RECORDS FOR THE EXERCISE =>
_ _ _ _ _

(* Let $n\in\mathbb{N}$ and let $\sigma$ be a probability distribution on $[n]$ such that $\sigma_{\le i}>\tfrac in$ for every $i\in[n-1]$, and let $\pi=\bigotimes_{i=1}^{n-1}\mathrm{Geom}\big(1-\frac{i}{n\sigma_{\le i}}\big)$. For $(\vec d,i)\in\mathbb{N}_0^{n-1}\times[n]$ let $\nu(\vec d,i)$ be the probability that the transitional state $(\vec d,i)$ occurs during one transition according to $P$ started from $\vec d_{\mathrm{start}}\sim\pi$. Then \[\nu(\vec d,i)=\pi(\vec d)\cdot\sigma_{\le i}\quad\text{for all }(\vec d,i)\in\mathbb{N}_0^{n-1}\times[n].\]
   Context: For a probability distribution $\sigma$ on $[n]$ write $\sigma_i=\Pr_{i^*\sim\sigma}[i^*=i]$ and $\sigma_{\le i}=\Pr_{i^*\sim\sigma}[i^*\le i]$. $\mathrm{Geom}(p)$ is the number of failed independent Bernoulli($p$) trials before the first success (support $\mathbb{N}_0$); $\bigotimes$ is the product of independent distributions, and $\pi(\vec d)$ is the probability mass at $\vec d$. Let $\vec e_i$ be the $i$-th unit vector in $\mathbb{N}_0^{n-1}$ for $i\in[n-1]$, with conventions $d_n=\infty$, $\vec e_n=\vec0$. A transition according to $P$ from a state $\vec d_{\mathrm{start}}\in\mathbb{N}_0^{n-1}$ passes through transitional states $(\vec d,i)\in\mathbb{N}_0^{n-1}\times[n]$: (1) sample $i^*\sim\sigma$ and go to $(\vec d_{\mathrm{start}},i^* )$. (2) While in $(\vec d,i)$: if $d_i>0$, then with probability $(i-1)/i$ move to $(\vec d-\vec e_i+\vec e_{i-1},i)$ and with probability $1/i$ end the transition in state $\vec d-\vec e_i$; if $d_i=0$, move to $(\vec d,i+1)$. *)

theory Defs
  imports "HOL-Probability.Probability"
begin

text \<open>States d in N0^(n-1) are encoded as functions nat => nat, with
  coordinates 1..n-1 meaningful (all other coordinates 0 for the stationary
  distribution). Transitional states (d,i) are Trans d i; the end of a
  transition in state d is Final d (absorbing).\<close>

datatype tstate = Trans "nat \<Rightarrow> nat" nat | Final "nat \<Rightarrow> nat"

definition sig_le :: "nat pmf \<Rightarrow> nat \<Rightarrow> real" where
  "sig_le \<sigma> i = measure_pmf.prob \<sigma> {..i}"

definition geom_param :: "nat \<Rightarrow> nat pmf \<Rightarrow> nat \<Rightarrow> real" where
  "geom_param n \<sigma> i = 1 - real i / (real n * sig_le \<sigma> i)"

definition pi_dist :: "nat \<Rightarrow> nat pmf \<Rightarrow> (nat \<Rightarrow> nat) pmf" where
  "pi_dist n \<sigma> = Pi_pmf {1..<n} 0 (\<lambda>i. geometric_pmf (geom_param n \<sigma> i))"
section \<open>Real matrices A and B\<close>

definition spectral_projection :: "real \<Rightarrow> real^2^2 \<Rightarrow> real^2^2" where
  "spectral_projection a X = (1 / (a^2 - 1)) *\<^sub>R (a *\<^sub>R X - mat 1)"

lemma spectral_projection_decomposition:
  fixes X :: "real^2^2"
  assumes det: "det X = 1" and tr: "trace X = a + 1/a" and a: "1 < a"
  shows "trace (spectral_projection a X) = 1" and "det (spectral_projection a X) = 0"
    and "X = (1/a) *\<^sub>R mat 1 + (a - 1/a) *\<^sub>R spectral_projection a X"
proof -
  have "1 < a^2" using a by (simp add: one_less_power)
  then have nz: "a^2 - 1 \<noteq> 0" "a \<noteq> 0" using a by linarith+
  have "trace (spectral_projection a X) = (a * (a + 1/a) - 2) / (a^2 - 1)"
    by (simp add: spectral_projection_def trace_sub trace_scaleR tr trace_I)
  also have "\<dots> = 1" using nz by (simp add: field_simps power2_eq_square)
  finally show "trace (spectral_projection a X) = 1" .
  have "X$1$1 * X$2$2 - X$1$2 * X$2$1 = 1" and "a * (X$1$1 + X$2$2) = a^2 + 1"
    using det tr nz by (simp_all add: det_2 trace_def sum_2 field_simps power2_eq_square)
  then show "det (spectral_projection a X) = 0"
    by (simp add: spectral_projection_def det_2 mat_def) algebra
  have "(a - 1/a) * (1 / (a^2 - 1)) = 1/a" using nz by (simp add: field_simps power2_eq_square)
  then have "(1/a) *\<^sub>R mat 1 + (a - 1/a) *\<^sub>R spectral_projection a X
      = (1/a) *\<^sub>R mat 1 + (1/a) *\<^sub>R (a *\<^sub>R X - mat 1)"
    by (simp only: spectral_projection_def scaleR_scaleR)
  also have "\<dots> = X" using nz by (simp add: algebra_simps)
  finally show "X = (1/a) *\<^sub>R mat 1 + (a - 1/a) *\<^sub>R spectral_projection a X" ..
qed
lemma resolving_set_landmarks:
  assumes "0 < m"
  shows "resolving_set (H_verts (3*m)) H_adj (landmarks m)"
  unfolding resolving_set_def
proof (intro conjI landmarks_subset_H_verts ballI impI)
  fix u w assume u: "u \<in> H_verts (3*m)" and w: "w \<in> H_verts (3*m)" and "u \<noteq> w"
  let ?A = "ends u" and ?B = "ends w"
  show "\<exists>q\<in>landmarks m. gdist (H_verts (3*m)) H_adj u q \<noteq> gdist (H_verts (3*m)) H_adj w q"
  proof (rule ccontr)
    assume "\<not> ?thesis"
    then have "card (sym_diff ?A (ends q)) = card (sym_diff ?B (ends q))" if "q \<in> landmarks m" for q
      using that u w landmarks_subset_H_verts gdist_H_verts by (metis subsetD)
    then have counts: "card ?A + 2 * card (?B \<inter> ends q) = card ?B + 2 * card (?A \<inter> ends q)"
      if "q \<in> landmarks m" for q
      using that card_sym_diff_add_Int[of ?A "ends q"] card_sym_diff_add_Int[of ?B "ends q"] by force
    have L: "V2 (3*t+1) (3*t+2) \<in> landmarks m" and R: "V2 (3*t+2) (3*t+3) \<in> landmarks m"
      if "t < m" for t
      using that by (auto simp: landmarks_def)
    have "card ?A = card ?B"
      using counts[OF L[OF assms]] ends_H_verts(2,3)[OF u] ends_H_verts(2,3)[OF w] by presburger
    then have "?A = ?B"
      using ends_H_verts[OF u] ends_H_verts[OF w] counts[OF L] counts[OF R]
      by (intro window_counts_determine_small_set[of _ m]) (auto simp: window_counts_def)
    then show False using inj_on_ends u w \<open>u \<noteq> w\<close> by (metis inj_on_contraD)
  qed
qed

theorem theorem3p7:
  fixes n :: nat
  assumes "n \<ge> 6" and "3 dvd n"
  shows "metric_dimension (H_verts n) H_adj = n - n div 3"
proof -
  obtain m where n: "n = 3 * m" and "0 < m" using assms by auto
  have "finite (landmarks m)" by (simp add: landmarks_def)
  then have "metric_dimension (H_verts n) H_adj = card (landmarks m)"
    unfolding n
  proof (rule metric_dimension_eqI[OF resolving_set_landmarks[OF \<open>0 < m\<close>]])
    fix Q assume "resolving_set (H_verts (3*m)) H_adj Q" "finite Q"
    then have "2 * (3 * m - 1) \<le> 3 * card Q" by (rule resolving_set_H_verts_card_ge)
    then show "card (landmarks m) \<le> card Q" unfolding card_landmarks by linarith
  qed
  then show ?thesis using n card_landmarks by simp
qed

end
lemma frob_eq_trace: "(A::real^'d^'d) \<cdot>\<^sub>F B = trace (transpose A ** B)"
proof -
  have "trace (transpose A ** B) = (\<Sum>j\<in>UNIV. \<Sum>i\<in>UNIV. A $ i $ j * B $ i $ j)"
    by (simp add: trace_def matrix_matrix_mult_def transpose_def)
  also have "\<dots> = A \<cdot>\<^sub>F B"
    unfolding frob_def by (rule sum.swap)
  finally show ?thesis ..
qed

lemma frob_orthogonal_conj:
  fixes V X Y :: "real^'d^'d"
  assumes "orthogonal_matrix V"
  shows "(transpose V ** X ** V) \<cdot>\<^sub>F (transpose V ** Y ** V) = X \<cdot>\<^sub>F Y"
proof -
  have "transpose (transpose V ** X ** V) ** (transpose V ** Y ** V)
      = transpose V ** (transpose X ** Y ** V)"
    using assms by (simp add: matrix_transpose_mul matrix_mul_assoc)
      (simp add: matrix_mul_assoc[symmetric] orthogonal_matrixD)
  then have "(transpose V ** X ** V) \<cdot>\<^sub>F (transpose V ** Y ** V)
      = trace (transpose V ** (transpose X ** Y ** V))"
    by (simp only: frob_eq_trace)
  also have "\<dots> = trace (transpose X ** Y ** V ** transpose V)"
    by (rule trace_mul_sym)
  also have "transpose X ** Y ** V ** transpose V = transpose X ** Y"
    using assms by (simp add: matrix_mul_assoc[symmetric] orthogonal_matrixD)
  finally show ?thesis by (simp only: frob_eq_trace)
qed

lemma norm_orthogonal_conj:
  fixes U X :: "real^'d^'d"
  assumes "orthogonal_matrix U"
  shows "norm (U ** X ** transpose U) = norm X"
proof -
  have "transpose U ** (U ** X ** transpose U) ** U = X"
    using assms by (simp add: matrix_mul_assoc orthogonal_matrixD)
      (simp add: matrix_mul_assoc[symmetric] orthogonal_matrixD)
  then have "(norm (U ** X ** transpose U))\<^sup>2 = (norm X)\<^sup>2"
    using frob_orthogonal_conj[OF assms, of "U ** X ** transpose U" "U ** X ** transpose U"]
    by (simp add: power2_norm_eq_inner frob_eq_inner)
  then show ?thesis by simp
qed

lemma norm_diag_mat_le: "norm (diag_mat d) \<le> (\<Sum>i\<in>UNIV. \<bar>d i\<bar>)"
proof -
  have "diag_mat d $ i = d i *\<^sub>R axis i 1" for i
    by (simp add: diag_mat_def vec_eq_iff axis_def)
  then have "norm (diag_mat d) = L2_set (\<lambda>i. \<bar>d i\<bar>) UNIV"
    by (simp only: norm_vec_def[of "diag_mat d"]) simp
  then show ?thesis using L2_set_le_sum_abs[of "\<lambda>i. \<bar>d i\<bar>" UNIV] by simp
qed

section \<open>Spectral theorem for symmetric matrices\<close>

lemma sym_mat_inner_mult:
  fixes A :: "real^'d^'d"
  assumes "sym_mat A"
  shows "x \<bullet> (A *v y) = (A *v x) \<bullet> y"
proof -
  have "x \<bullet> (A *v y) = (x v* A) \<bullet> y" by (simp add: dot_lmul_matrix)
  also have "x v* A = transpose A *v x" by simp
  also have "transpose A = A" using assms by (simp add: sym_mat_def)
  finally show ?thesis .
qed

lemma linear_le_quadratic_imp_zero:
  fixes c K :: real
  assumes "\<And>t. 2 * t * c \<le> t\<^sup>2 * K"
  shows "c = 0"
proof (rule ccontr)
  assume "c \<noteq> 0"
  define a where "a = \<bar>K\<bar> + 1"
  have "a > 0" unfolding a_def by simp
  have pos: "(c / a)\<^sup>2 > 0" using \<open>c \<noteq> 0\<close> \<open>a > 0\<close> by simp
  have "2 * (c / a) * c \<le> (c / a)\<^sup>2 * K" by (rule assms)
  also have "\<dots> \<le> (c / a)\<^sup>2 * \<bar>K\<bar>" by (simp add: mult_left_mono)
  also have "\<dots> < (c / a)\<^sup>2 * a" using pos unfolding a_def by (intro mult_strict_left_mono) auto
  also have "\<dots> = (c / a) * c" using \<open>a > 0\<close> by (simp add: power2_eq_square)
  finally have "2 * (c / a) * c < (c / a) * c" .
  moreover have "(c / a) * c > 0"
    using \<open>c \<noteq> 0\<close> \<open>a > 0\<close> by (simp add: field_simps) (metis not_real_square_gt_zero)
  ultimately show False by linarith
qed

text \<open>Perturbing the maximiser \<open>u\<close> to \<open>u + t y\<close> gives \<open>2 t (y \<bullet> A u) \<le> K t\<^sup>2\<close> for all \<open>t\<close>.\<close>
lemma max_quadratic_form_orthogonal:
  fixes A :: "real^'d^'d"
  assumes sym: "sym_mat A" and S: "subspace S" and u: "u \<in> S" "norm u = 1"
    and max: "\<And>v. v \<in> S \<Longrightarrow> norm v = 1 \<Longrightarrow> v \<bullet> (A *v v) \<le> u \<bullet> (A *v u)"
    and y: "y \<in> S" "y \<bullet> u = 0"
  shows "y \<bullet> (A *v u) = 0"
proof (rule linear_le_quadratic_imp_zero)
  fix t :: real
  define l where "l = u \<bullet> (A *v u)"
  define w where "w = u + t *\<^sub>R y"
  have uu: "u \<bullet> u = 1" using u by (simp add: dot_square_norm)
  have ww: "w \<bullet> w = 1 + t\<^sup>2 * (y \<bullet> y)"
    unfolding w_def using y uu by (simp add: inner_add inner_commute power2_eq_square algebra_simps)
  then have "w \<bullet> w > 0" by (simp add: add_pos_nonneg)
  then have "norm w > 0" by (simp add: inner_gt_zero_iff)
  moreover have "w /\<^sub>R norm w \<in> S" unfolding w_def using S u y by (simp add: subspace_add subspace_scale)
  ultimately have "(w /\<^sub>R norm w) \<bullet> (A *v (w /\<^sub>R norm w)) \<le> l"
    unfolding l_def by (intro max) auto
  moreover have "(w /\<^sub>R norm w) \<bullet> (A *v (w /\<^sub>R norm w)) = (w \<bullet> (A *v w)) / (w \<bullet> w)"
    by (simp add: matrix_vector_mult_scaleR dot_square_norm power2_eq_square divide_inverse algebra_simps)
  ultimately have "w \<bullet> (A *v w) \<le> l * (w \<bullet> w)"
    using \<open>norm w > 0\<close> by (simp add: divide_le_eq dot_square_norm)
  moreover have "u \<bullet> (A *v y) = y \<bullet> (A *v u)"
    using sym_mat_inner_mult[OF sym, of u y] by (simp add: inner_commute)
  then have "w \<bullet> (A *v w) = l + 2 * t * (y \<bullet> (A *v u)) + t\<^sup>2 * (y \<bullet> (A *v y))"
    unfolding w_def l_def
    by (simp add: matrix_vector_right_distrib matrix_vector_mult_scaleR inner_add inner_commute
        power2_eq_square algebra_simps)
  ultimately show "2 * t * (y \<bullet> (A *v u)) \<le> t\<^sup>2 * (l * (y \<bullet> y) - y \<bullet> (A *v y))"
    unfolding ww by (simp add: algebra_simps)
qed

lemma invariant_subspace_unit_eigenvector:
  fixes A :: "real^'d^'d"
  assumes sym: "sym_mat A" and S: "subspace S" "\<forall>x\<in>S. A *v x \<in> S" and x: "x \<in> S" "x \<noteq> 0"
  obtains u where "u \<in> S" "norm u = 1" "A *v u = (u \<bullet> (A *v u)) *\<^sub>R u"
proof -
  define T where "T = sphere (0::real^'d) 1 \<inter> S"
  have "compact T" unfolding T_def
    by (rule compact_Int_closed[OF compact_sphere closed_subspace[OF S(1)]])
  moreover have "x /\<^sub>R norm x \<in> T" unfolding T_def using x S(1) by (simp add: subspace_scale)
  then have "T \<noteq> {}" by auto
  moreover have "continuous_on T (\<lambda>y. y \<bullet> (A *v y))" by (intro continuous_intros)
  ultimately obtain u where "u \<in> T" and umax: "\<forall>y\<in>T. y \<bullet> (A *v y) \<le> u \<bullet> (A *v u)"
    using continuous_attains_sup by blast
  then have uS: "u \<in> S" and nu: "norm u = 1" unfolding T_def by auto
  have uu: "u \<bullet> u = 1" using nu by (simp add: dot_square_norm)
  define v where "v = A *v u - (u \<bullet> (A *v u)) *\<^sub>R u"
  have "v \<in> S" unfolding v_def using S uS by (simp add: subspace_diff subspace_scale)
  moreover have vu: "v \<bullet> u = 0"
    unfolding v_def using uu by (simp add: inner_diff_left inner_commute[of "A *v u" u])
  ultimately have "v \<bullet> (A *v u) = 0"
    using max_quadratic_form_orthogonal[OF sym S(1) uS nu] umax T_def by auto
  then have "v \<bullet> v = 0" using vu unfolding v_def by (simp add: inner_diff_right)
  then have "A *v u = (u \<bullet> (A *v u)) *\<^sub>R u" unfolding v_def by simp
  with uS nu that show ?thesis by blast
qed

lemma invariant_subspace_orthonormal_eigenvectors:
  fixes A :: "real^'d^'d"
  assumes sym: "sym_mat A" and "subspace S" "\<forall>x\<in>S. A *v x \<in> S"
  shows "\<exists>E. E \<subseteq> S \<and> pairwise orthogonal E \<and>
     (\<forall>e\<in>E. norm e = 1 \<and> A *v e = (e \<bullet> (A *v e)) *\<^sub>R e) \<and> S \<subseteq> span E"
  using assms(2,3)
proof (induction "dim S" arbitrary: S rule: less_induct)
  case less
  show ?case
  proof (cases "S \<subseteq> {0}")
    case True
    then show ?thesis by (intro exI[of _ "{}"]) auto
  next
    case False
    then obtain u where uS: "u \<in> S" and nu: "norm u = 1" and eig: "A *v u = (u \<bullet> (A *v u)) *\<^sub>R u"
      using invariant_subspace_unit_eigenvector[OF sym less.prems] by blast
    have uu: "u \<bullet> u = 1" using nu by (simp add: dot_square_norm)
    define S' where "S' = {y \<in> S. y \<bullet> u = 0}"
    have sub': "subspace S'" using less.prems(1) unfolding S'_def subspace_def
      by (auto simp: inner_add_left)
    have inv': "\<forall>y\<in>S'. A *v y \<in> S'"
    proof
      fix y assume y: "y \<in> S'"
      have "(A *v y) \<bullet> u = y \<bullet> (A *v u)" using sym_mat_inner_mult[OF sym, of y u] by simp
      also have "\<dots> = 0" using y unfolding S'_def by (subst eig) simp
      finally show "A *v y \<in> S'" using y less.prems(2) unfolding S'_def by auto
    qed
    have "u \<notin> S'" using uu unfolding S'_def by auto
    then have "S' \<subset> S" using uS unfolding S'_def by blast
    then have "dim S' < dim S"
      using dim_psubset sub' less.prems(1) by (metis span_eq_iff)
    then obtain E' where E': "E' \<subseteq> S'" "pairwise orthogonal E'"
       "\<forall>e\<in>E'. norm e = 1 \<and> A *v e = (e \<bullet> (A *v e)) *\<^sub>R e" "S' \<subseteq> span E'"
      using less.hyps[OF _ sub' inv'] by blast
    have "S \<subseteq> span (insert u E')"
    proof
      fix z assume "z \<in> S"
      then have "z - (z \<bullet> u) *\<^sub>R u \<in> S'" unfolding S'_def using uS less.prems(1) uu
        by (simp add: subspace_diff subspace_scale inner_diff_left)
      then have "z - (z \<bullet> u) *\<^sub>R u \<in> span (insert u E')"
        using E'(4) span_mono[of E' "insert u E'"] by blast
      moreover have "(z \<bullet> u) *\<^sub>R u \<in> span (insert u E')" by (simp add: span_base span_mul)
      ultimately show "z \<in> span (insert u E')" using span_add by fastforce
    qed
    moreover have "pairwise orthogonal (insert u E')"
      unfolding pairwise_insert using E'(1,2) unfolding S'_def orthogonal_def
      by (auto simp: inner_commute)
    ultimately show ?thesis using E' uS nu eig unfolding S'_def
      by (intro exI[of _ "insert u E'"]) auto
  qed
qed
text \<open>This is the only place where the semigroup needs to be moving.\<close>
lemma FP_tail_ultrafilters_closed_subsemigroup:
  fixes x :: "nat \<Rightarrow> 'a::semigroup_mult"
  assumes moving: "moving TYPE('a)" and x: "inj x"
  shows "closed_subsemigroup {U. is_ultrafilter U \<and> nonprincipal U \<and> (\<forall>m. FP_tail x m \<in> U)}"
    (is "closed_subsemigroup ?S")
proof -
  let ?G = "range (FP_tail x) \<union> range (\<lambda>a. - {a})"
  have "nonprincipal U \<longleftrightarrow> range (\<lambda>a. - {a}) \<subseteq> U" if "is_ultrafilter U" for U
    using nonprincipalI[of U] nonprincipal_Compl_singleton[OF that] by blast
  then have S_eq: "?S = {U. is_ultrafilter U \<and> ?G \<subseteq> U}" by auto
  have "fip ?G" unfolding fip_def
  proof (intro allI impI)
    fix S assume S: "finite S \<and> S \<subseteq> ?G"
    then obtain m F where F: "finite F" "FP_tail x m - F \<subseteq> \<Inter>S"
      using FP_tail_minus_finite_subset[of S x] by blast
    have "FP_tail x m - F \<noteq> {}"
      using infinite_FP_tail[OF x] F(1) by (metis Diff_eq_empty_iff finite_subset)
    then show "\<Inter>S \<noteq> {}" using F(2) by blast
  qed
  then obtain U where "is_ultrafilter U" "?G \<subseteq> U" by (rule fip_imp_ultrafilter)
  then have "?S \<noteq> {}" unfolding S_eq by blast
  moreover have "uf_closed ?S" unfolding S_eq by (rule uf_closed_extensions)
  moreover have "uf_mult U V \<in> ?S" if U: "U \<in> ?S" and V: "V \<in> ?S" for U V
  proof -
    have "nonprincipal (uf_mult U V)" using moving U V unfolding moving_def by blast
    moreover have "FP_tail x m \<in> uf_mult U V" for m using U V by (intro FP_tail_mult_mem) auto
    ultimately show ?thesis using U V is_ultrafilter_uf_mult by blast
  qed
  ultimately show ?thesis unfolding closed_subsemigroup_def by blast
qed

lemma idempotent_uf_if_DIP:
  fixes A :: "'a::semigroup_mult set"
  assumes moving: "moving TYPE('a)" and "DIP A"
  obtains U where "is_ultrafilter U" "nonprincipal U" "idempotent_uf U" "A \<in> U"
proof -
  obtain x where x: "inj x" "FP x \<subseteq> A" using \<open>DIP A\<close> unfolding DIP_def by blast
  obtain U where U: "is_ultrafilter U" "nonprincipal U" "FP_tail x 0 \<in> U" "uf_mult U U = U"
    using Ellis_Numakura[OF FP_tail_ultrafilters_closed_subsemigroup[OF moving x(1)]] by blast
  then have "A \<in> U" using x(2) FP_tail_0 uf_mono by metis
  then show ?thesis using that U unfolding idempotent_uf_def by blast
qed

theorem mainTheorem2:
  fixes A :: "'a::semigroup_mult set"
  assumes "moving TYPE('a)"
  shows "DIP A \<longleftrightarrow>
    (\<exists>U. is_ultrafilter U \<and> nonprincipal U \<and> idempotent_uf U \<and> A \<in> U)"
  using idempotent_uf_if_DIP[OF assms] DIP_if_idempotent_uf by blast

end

_ _ _ _ _

TASK REQUIREMENTS => Among the lines above, find the one with "by (simp add: spectral_projection_def det_2" and the one with "nz by (simp add: algebra_simps)". Quote both and everything between them, exactly.

SOLUTION TO THIS PROBLEM =>
    by (simp add: spectral_projection_def det_2 mat_def) algebra
  have "(a - 1/a) * (1 / (a^2 - 1)) = 1/a" using nz by (simp add: field_simps power2_eq_square)
  then have "(1/a) *\<^sub>R mat 1 + (a - 1/a) *\<^sub>R spectral_projection a X
      = (1/a) *\<^sub>R mat 1 + (1/a) *\<^sub>R (a *\<^sub>R X - mat 1)"
    by (simp only: spectral_projection_def scaleR_scaleR)
  also have "\<dots> = X" using nz by (simp add: algebra_simps)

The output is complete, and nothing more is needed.